* [Your goal]
Say the data back exactly as it is written below.

[Stored data entries]

=== Section Start ===

lemma (in prob_space) prob_exponential_linear_le:
  assumes DZ: "distributed M lborel Z (exponential_density l)"
    and DX: "distributed M lborel X (exponential_density m)"
    and indep: "indep_var borel Z borel X"
    and "0 < l" "0 < m" "0 \<le> v" "0 \<le> w"
  shows "\<P>(\<omega> in M. v + w * Z \<omega> \<le> X \<omega>) = exp (- v * m) * l / (l + w * m)"
proof -
  let ?f = "\<lambda>l x. ennreal (exponential_density l x)"
  let ?S = "{p :: real \<times> real. v + w * fst p \<le> snd p}"
  have "?S = {p \<in> space (borel \<Otimes>\<^sub>M borel). v + w * fst p \<le> snd p}"
    by (simp add: space_pair_measure)
  also have "\<dots> \<in> sets (borel \<Otimes>\<^sub>M borel)"
    by measurable
  finally have S: "?S \<in> sets (borel \<Otimes>\<^sub>M borel)" .
  have [measurable]: "Z \<in> borel_measurable M" "X \<in> borel_measurable M"
    using DZ DX by (simp_all add: distributed_def)
  have distr_borel: "distr M borel Y = distr M lborel Y" for Y :: "'a \<Rightarrow> real"
    by (rule distr_cong) simp_all
  have joint: "distr M (borel \<Otimes>\<^sub>M borel) (\<lambda>\<omega>. (Z \<omega>, X \<omega>)) = density lborel (?f l) \<Otimes>\<^sub>M density lborel (?f m)"
    using indep DZ DX by (simp add: indep_var_distribution_eq distributed_def distr_borel)
  interpret Exp_m: prob_space "density lborel (?f m)"
    using \<open>0 < m\<close> by (rule prob_space_exponential_density)
  have rate_pos: "0 < l + w * m"
    using assms by (intro add_pos_nonneg mult_nonneg_nonneg) auto
  have slice: "?f l z * emeasure (density lborel (?f m)) (Pair z -` ?S)
      = ennreal (exp (- v * m) * l / (l + w * m)) * (?f (l + w * m) z * indicator {0..} z)" for z
  proof (cases "0 \<le> z")
    case True
    have "Pair z -` ?S = {v + w * z..}"
      by auto
    then have "emeasure (density lborel (?f m)) (Pair z -` ?S) = ennreal (exp (- (v + w * z) * m))"
      using True assms by (simp add: emeasure_density nn_integral_exponential_density_atLeast)
    moreover have "l * exp (- z * l) * exp (- (v + w * z) * m)
        = exp (- v * m) * l / (l + w * m) * ((l + w * m) * exp (- z * (l + w * m)))"
      using rate_pos by (simp add: mult_exp_exp field_simps)
    ultimately show ?thesis
      using True assms by (simp add: exponential_density_def ennreal_mult[symmetric])
  qed (simp add: exponential_density_def)
  have "emeasure M {\<omega> \<in> space M. v + w * Z \<omega> \<le> X \<omega>} = emeasure (distr M (borel \<Otimes>\<^sub>M borel) (\<lambda>\<omega>. (Z \<omega>, X \<omega>))) ?S"
    using S by (subst emeasure_distr) (auto intro!: arg_cong[where f = "emeasure M"])
  also have "\<dots> = (\<integral>\<^sup>+z. emeasure (density lborel (?f m)) (Pair z -` ?S) \<partial>density lborel (?f l))"
    unfolding joint using S by (intro Exp_m.emeasure_pair_measure_alt) simp
  also have "\<dots> = (\<integral>\<^sup>+z. ?f l z * emeasure (density lborel (?f m)) (Pair z -` ?S) \<partial>lborel)"
    by (rule nn_integral_density) auto
  also have "\<dots> = (\<integral>\<^sup>+z. ennreal (exp (- v * m) * l / (l + w * m)) * (?f (l + w * m) z * indicator {0..} z) \<partial>lborel)"
    by (simp only: slice)
  also have "\<dots> = ennreal (exp (- v * m) * l / (l + w * m))"
    using rate_pos by (simp add: nn_integral_cmult nn_integral_exponential_density_atLeast)
  finally show ?thesis
    using assms by (simp add: emeasure_eq_measure)
qed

=== Section End ===

* [Answer]
lemma (in prob_space) prob_exponential_linear_le:
  assumes DZ: "distributed M lborel Z (exponential_density l)"
    and DX: "distributed M lborel X (exponential_density m)"
    and indep: "indep_var borel Z borel X"
    and "0 < l" "0 < m" "0 \<le> v" "0 \<le> w"
  shows "\<P>(\<omega> in M. v + w * Z \<omega> \<le> X \<omega>) = exp (- v * m) * l / (l + w * m)"
proof -
  let ?f = "\<lambda>l x. ennreal (exponential_density l x)"
  let ?S = "{p :: real \<times> real. v + w * fst p \<le> snd p}"
  have "?S = {p \<in> space (borel \<Otimes>\<^sub>M borel). v + w * fst p \<le> snd p}"
    by (simp add: space_pair_measure)
  also have "\<dots> \<in> sets (borel \<Otimes>\<^sub>M borel)"
    by measurable
  finally have S: "?S \<in> sets (borel \<Otimes>\<^sub>M borel)" .
  have [measurable]: "Z \<in> borel_measurable M" "X \<in> borel_measurable M"
    using DZ DX by (simp_all add: distributed_def)
  have distr_borel: "distr M borel Y = distr M lborel Y" for Y :: "'a \<Rightarrow> real"
    by (rule distr_cong) simp_all
  have joint: "distr M (borel \<Otimes>\<^sub>M borel) (\<lambda>\<omega>. (Z \<omega>, X \<omega>)) = density lborel (?f l) \<Otimes>\<^sub>M density lborel (?f m)"
    using indep DZ DX by (simp add: indep_var_distribution_eq distributed_def distr_borel)
  interpret Exp_m: prob_space "density lborel (?f m)"
    using \<open>0 < m\<close> by (rule prob_space_exponential_density)
  have rate_pos: "0 < l + w * m"
    using assms by (intro add_pos_nonneg mult_nonneg_nonneg) auto
  have slice: "?f l z * emeasure (density lborel (?f m)) (Pair z -` ?S)
      = ennreal (exp (- v * m) * l / (l + w * m)) * (?f (l + w * m) z * indicator {0..} z)" for z
  proof (cases "0 \<le> z")
    case True
    have "Pair z -` ?S = {v + w * z..}"
      by auto
    then have "emeasure (density lborel (?f m)) (Pair z -` ?S) = ennreal (exp (- (v + w * z) * m))"
      using True assms by (simp add: emeasure_density nn_integral_exponential_density_atLeast)
    moreover have "l * exp (- z * l) * exp (- (v + w * z) * m)
        = exp (- v * m) * l / (l + w * m) * ((l + w * m) * exp (- z * (l + w * m)))"
      using rate_pos by (simp add: mult_exp_exp field_simps)
    ultimately show ?thesis
      using True assms by (simp add: exponential_density_def ennreal_mult[symmetric])
  qed (simp add: exponential_density_def)
  have "emeasure M {\<omega> \<in> space M. v + w * Z \<omega> \<le> X \<omega>} = emeasure (distr M (borel \<Otimes>\<^sub>M borel) (\<lambda>\<omega>. (Z \<omega>, X \<omega>))) ?S"
    using S by (subst emeasure_distr) (auto intro!: arg_cong[where f = "emeasure M"])
  also have "\<dots> = (\<integral>\<^sup>+z. emeasure (density lborel (?f m)) (Pair z -` ?S) \<partial>density lborel (?f l))"
    unfolding joint using S by (intro Exp_m.emeasure_pair_measure_alt) simp
  also have "\<dots> = (\<integral>\<^sup>+z. ?f l z * emeasure (density lborel (?f m)) (Pair z -` ?S) \<partial>lborel)"
    by (rule nn_integral_density) auto
  also have "\<dots> = (\<integral>\<^sup>+z. ennreal (exp (- v * m) * l / (l + w * m)) * (?f (l + w * m) z * indicator {0..} z) \<partial>lborel)"
    by (simp only: slice)
  also have "\<dots> = ennreal (exp (- v * m) * l / (l + w * m))"
    using rate_pos by (simp add: nn_integral_cmult nn_integral_exponential_density_atLeast)
  finally show ?thesis
    using assms by (simp add: emeasure_eq_measure)
qed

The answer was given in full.